▶ **What is being asked**
For this task, retype the records below exactly.

----

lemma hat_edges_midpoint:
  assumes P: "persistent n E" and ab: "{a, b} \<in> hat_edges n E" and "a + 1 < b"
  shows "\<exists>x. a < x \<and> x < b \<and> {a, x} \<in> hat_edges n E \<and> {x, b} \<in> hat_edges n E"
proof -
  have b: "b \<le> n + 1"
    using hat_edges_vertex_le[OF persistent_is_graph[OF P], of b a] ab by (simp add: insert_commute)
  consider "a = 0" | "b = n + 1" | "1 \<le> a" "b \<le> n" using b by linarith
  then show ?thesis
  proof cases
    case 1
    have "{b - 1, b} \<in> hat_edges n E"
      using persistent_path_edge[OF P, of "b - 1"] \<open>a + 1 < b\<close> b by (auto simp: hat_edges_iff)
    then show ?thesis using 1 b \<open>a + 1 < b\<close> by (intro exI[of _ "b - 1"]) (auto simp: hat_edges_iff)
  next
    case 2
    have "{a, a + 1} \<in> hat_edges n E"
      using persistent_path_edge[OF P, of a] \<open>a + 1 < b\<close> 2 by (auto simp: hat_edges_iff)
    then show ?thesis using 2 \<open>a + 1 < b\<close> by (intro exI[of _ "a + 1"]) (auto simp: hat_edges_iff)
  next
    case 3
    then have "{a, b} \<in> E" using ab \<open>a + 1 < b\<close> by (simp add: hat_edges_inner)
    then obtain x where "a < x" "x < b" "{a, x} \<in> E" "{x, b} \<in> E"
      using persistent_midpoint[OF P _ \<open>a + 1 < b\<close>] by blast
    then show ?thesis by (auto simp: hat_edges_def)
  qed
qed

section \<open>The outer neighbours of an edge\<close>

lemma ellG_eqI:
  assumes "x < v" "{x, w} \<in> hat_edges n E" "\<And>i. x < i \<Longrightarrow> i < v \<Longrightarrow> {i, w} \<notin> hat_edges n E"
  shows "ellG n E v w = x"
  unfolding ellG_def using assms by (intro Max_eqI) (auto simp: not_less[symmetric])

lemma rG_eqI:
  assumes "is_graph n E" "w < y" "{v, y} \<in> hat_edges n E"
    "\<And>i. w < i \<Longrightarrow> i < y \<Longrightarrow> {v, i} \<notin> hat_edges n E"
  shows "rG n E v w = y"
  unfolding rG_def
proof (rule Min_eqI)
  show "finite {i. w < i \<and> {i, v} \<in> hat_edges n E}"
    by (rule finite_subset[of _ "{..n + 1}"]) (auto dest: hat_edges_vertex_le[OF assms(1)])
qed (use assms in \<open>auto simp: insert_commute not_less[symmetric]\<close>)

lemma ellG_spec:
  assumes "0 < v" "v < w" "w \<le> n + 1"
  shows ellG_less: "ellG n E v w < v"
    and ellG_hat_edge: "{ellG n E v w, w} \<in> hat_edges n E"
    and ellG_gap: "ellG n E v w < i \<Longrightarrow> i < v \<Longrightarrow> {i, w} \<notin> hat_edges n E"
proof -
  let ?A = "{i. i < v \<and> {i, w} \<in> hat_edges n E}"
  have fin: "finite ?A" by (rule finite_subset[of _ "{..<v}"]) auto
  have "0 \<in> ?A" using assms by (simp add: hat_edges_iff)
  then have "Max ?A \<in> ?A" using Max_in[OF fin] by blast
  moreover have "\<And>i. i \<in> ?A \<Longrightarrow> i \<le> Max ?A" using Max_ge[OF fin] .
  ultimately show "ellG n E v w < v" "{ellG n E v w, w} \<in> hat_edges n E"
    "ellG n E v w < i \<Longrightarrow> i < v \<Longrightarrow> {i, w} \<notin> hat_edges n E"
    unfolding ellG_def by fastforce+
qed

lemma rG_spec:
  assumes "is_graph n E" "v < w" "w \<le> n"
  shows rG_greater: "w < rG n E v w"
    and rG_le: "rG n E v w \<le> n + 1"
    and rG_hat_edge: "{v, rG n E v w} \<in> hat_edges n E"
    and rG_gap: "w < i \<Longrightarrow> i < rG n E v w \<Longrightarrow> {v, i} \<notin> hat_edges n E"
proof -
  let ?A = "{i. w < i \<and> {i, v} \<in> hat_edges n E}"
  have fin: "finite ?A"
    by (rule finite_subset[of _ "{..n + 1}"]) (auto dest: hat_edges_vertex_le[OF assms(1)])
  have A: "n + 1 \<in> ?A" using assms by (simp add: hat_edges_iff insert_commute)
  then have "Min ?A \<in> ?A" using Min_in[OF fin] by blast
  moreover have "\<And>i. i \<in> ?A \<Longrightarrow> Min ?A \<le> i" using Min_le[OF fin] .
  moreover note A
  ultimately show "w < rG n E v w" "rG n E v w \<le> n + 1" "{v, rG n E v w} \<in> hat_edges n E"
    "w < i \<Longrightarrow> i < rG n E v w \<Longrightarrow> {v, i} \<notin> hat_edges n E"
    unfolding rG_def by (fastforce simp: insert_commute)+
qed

----

▶ **Answer box**
lemma hat_edges_midpoint:
  assumes P: "persistent n E" and ab: "{a, b} \<in> hat_edges n E" and "a + 1 < b"
  shows "\<exists>x. a < x \<and> x < b \<and> {a, x} \<in> hat_edges n E \<and> {x, b} \<in> hat_edges n E"
proof -
  have b: "b \<le> n + 1"
    using hat_edges_vertex_le[OF persistent_is_graph[OF P], of b a] ab by (simp add: insert_commute)
  consider "a = 0" | "b = n + 1" | "1 \<le> a" "b \<le> n" using b by linarith
  then show ?thesis
  proof cases
    case 1
    have "{b - 1, b} \<in> hat_edges n E"
      using persistent_path_edge[OF P, of "b - 1"] \<open>a + 1 < b\<close> b by (auto simp: hat_edges_iff)
    then show ?thesis using 1 b \<open>a + 1 < b\<close> by (intro exI[of _ "b - 1"]) (auto simp: hat_edges_iff)
  next
    case 2
    have "{a, a + 1} \<in> hat_edges n E"
      using persistent_path_edge[OF P, of a] \<open>a + 1 < b\<close> 2 by (auto simp: hat_edges_iff)
    then show ?thesis using 2 \<open>a + 1 < b\<close> by (intro exI[of _ "a + 1"]) (auto simp: hat_edges_iff)
  next
    case 3
    then have "{a, b} \<in> E" using ab \<open>a + 1 < b\<close> by (simp add: hat_edges_inner)
    then obtain x where "a < x" "x < b" "{a, x} \<in> E" "{x, b} \<in> E"
      using persistent_midpoint[OF P _ \<open>a + 1 < b\<close>] by blast
    then show ?thesis by (auto simp: hat_edges_def)
  qed
qed

section \<open>The outer neighbours of an edge\<close>

lemma ellG_eqI:
  assumes "x < v" "{x, w} \<in> hat_edges n E" "\<And>i. x < i \<Longrightarrow> i < v \<Longrightarrow> {i, w} \<notin> hat_edges n E"
  shows "ellG n E v w = x"
  unfolding ellG_def using assms by (intro Max_eqI) (auto simp: not_less[symmetric])

lemma rG_eqI:
  assumes "is_graph n E" "w < y" "{v, y} \<in> hat_edges n E"
    "\<And>i. w < i \<Longrightarrow> i < y \<Longrightarrow> {v, i} \<notin> hat_edges n E"
  shows "rG n E v w = y"
  unfolding rG_def
proof (rule Min_eqI)
  show "finite {i. w < i \<and> {i, v} \<in> hat_edges n E}"
    by (rule finite_subset[of _ "{..n + 1}"]) (auto dest: hat_edges_vertex_le[OF assms(1)])
qed (use assms in \<open>auto simp: insert_commute not_less[symmetric]\<close>)

lemma ellG_spec:
  assumes "0 < v" "v < w" "w \<le> n + 1"
  shows ellG_less: "ellG n E v w < v"
    and ellG_hat_edge: "{ellG n E v w, w} \<in> hat_edges n E"
    and ellG_gap: "ellG n E v w < i \<Longrightarrow> i < v \<Longrightarrow> {i, w} \<notin> hat_edges n E"
proof -
  let ?A = "{i. i < v \<and> {i, w} \<in> hat_edges n E}"
  have fin: "finite ?A" by (rule finite_subset[of _ "{..<v}"]) auto
  have "0 \<in> ?A" using assms by (simp add: hat_edges_iff)
  then have "Max ?A \<in> ?A" using Max_in[OF fin] by blast
  moreover have "\<And>i. i \<in> ?A \<Longrightarrow> i \<le> Max ?A" using Max_ge[OF fin] .
  ultimately show "ellG n E v w < v" "{ellG n E v w, w} \<in> hat_edges n E"
    "ellG n E v w < i \<Longrightarrow> i < v \<Longrightarrow> {i, w} \<notin> hat_edges n E"
    unfolding ellG_def by fastforce+
qed

lemma rG_spec:
  assumes "is_graph n E" "v < w" "w \<le> n"
  shows rG_greater: "w < rG n E v w"
    and rG_le: "rG n E v w \<le> n + 1"
    and rG_hat_edge: "{v, rG n E v w} \<in> hat_edges n E"
    and rG_gap: "w < i \<Longrightarrow> i < rG n E v w \<Longrightarrow> {v, i} \<notin> hat_edges n E"
proof -
  let ?A = "{i. w < i \<and> {i, v} \<in> hat_edges n E}"
  have fin: "finite ?A"
    by (rule finite_subset[of _ "{..n + 1}"]) (auto dest: hat_edges_vertex_le[OF assms(1)])
  have A: "n + 1 \<in> ?A" using assms by (simp add: hat_edges_iff insert_commute)
  then have "Min ?A \<in> ?A" using Min_in[OF fin] by blast
  moreover have "\<And>i. i \<in> ?A \<Longrightarrow> Min ?A \<le> i" using Min_le[OF fin] .
  moreover note A
  ultimately show "w < rG n E v w" "rG n E v w \<le> n + 1" "{v, rG n E v w} \<in> hat_edges n E"
    "w < i \<Longrightarrow> i < rG n E v w \<Longrightarrow> {v, i} \<notin> hat_edges n E"
    unfolding rG_def by (fastforce simp: insert_commute)+
qed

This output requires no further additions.